Hands full, rocking back to carry the load, I find a cold wet granite stone perch. I sit mashing warm treats in my face. With each piping hot and tender sausage I carefully insert in to my gullet, the temperature increases, each steamy biscuit I chomp in half, the sun pokes it’s head a little more, each truffle I inhale, the wind nips a little less. In no time at all, I’m sun bathing in the parched Serengeti.
Content, like a plump Buddha, I emerge from my damp market corner and reenter in to the Saturday swirling madness. Baskets full of produce, orders yelled, lines reinventing themselves, vegetables weighed, a weeks worth of planning and a mornings worth of hustle and labor unfold around me.
Like an intricate TI83 equation, X + Y and a parabola gone wrong, I watch physical patterns emerge with each of the wind’s strong arm blows. Owners grab cart umbrellas, men stricken coats, women hold hats, and children clutch mum.
I pluck a wet, cold, purple-grey stone from a heap and hand it to a chuckling Irishman with a shark skin face donning a steel glove. He snaps it open, I flip him a coin, then suck out the fleshy goo, washing it down with the sea water still inside. My tongue smells like the underside of a wooden boat and tastes like the sea.

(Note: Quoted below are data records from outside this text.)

lemma column_sums_if_nonconstant_mem:
  assumes "rho_invariant_subspace n W" and proper: "W \<noteq> carrier_vec n" and n: "3 \<le> n"
    and blk_closed: "\<And>v. v \<in> W \<Longrightarrow> blk n 1 M *\<^sub>v v \<in> W"
    and "w \<in> W" "Suc a < n" "w $ a \<noteq> w $ Suc a"
  shows "M $$ (0, 0) + M $$ (1, 0) = 1 \<and> M $$ (0, 1) + M $$ (1, 1) = 1"
proof -
  interpret rho_invariant_subspace n W by fact
  let ?e = "unit_vec n :: nat \<Rightarrow> complex vec"
  have d01: "?e 0 - ?e 1 \<in> W"
    using assms(5-) by (intro first_unit_vec_diff_mem unit_vec_diff_mem_if_adjacent_neq)
  have "rho_img n 2 *\<^sub>v (?e 0 - ?e 1) = ?e 0 - ?e 2"
    using n by (intro eq_vecI) (auto simp: rho_img_def blk_mult_vec)
  then have d02: "?e 0 - ?e 2 \<in> W"
    using rho_closed[OF _ _ d01, of 2] n by simp
  have "(?e 0 - ?e 2) - (?e 0 - ?e 1) = ?e 1 - ?e 2"
    by (intro eq_vecI) auto
  then have d12: "?e 1 - ?e 2 \<in> W"
    using subspace_diff[OF subspace d02 d01] by simp
  have "(M $$ (0, 0) + M $$ (1, 0) - 1) \<cdot>\<^sub>v ?e 0
      = blk n 1 M *\<^sub>v (?e 0 - ?e 2) + M $$ (1, 0) \<cdot>\<^sub>v (?e 0 - ?e 1) - (?e 0 - ?e 2)"
    using n by (intro eq_vecI) (auto simp: blk_mult_vec algebra_simps)
  then have col0: "(M $$ (0, 0) + M $$ (1, 0) - 1) \<cdot>\<^sub>v ?e 0 \<in> W"
    using d01 d02 blk_closed
    by (simp add: subspace_add[OF subspace] subspace_smult[OF subspace] subspace_diff[OF subspace])
  have "(M $$ (0, 1) + M $$ (1, 1) - 1) \<cdot>\<^sub>v ?e 1
      = blk n 1 M *\<^sub>v (?e 1 - ?e 2) - M $$ (0, 1) \<cdot>\<^sub>v (?e 0 - ?e 1) - (?e 1 - ?e 2)"
    using n by (intro eq_vecI) (auto simp: blk_mult_vec algebra_simps)
  then have col1: "(M $$ (0, 1) + M $$ (1, 1) - 1) \<cdot>\<^sub>v ?e 1 \<in> W"
    using d01 d12 blk_closed
    by (simp add: subspace_smult[OF subspace] subspace_diff[OF subspace])
  have "?e k \<notin> W" if "k < n" for k
    using eq_carrier_if_unit_vec_mem[OF _ that] proper by blast
  then show ?thesis
    using subspace_smult_cancel[OF subspace _ col0] subspace_smult_cancel[OF subspace _ col1] n
    by force
qed

lemma row_sums_if_all_constant:
  assumes W: "is_subspace n W" and nonzero: "W \<noteq> {0\<^sub>v n}" and n: "3 \<le> n"
    and blk_closed: "\<And>v. v \<in> W \<Longrightarrow> blk n 1 M *\<^sub>v v \<in> W"
    and const: "\<And>v a. v \<in> W \<Longrightarrow> Suc a < n \<Longrightarrow> v $ a = v $ Suc a"
  shows "M $$ (0, 0) + M $$ (0, 1) = 1 \<and> M $$ (1, 0) + M $$ (1, 1) = 1"
proof -
  obtain w where w: "w \<in> W" "w \<noteq> 0\<^sub>v n"
    using nonzero W by (auto simp: is_subspace_def)
  have w_carrier: "w \<in> carrier_vec n" using w(1) subspace_carrier[OF W] by blast
  have w_ones: "w = w $ 0 \<cdot>\<^sub>v ones_vec n"
    using w_carrier const[OF w(1)] by (rule eq_smult_ones_vec_if_adjacent_eq)
  have "w $ 0 \<noteq> 0"
  proof
    assume "w $ 0 = 0"
    then have "w = 0 \<cdot>\<^sub>v ones_vec n" using w_ones by metis
    also have "\<dots> = 0\<^sub>v n" by (intro eq_vecI) (auto simp: ones_vec_def)
    finally show False using w(2) by contradiction
  qed
  then have "ones_vec n \<in> W"
    using w(1) w_ones by (metis subspace_smult_cancel[OF W])
  then have v: "blk n 1 M *\<^sub>v ones_vec n \<in> W" by (rule blk_closed)
  show ?thesis
    using const[OF v, of 0] const[OF v, of 1] n
    by (simp add: blk_mult_vec ones_vec_def numeral_2_eq_2)
qed
definition crit1 ::
  "nat \<Rightarrow> (nat \<Rightarrow> nat) \<Rightarrow> nat \<Rightarrow> nat \<Rightarrow> nat \<Rightarrow> (nat \<Rightarrow> nat) \<Rightarrow> (nat \<Rightarrow> nat \<Rightarrow> real mat)
   \<Rightarrow> (nat \<Rightarrow> real vec) \<Rightarrow> (nat \<Rightarrow> real mat) \<Rightarrow> real vec \<Rightarrow> real vec
   \<Rightarrow> (nat \<Rightarrow> real mat) \<Rightarrow> (nat \<Rightarrow> real mat) \<Rightarrow> real vec \<Rightarrow> real vec \<Rightarrow> bool" where
  "crit1 l n d m k p A a0 Cm c b Y Xb x lam \<longleftrightarrow>
     lam \<in> carrier_vec m \<and>
     feasibleBM l n d m k p A a0 b Y Xb x \<and>
     (\<forall>j\<in>{k..<l}. psd_mat (n j) (slackS n m A Cm lam j)) \<and>
     (\<Sum>j\<in>{k..<l}. slackS n m A Cm lam j \<bullet>\<^sub>F Xb j) = 0 \<and>
     slack_s d m a0 c lam = 0\<^sub>v d \<and>
     (\<forall>j<k. slackS n m A Cm lam j * Y j = 0\<^sub>m (n j) (p j))"

definition crit2 ::
  "nat \<Rightarrow> (nat \<Rightarrow> nat) \<Rightarrow> nat \<Rightarrow> nat \<Rightarrow> nat \<Rightarrow> (nat \<Rightarrow> nat) \<Rightarrow> (nat \<Rightarrow> nat \<Rightarrow> real mat)
   \<Rightarrow> (nat \<Rightarrow> real vec) \<Rightarrow> (nat \<Rightarrow> real mat) \<Rightarrow> real vec \<Rightarrow> real vec
   \<Rightarrow> (nat \<Rightarrow> real mat) \<Rightarrow> (nat \<Rightarrow> real mat) \<Rightarrow> real vec \<Rightarrow> real vec \<Rightarrow> bool" where
  "crit2 l n d m k p A a0 Cm c b Y Xb x lam \<longleftrightarrow>
     crit1 l n d m k p A a0 Cm c b Y Xb x lam \<and>
     (\<forall>j<k. \<forall>U \<in> carrier_mat (n j) (p j).
        (\<forall>i<m. A i j \<bullet>\<^sub>F (U * transpose_mat (Y j)) = 0) \<longrightarrow>
        slackS n m A Cm lam j \<bullet>\<^sub>F (U * transpose_mat U) \<ge> 0)"

end

theory Submission
  imports Defs
begin

(* For every multiplier lam with s(lam) = 0, the objective at any feasible point (X, x) equals
   lam . b + sum_j S_j(lam) . X_j.  At the critical point the sum vanishes (S_j Y_j = 0 on the
   factorized blocks, complementary slackness on the others), while at every feasible point it is
   nonnegative once all S_j(lam) are PSD, because the Frobenius product of two PSD matrices is
   nonnegative.  In case (ii) the factorized blocks S_j(lam) are PSD as well: choose z <> 0 with
   Y_j z = 0; for every v the matrix U = v z^T satisfies U Y_j^T = 0, so second-order criticality
   gives |z|^2 v^T S_j v = S_j . U U^T >= 0. *)

(* Square matrices as functions on {..<n} x {..<n}: the elimination argument below then needs no
   carrier bookkeeping. *)
definition bilinear_form :: "nat \<Rightarrow> (nat \<Rightarrow> nat \<Rightarrow> real) \<Rightarrow> (nat \<Rightarrow> real) \<Rightarrow> (nat \<Rightarrow> real) \<Rightarrow> real"
  where "bilinear_form n M u v = (\<Sum>r<n. \<Sum>s<n. u r * M r s * v s)"

definition psd_fun :: "nat \<Rightarrow> (nat \<Rightarrow> nat \<Rightarrow> real) \<Rightarrow> bool" where
  "psd_fun n M \<longleftrightarrow> (\<forall>r<n. \<forall>s<n. M r s = M s r) \<and> (\<forall>w. 0 \<le> bilinear_form n M w w)"

lemma bilinear_form_commute:
  assumes "\<forall>r<n. \<forall>s<n. M r s = M s r"
  shows "bilinear_form n M v u = bilinear_form n M u v"
  unfolding bilinear_form_def
  by (subst sum.swap) (use assms in \<open>auto intro!: sum.cong simp: mult_ac\<close>)

lemma bilinear_form_add_smult:
  assumes "\<forall>r<n. \<forall>s<n. M r s = M s r"
  shows "bilinear_form n M (\<lambda>i. t * u i + v i) (\<lambda>i. t * u i + v i)
    = t\<^sup>2 * bilinear_form n M u u + 2 * t * bilinear_form n M u v + bilinear_form n M v v"
proof -
  have "\<And>r s. (t * u r + v r) * M r s * (t * u s + v s) =
      t\<^sup>2 * (u r * M r s * u s) + t * (u r * M r s * v s) + t * (v r * M r s * u s) + v r * M r s * v s"
    by (simp add: algebra_simps power2_eq_square)
  then have "bilinear_form n M (\<lambda>i. t * u i + v i) (\<lambda>i. t * u i + v i)
      = t\<^sup>2 * bilinear_form n M u u + t * bilinear_form n M u v + t * bilinear_form n M v u
        + bilinear_form n M v v"
    unfolding bilinear_form_def by (simp add: sum.distrib sum_distrib_left)
  then show ?thesis
    using bilinear_form_commute[OF assms] by simp
qed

Basket now brimming, quite like my tummy, and with fingers a shade blue, I decide to head back to my warm home. As I head out, a bitter and predictable wind prepares behind me. I hear it ripping and steaming to swarm the assembled. With nasty force and terrible intentions it cracks the square, snatching hats, tearing plates, fraying fabric, punching potatoes and scattering small children. I turn to see. It rips me in the eyes and freezes me in the face. The army of usual dealers hands grasp for their carts and umbrellas to prevent catastrophe. Slap! Smack! Clap! The children scream bracing the force, parents squint, bow their face and lean in to the beast. With everyone at 45 degree angles, like Rommel’s Asparagus, the zenith reaches. Wind screaming like the very babies it terrifies, a seafood dealer’s grasp is not enough. His massive steel cart, brimming with shrimp, muscles, oysters, fillets and fish heads, weighted by endless pounds diced ice, sucks into the air and flips helplessly above. Its aerial maneuvers are displayed in slow motion, then…is abruptly reinserted in to real time. The cart smashes to the ground. The awful noise of bending metal and slapping seafood silences the crowd. As well as the wind. In total quiet, miscellaneous seafood scatters in 180 degrees, slowly skidding to a stop. People look to their feet to see a bug-eyed shrimp asking “Why?” In this bizarre denouement, the masses look to the lonely cartless seaman. He tilts his head, strokes his wet beard and says in a contemplative tone, “Iee, such is life.” Stepping over a cod, I turn and head down my rambling stone road.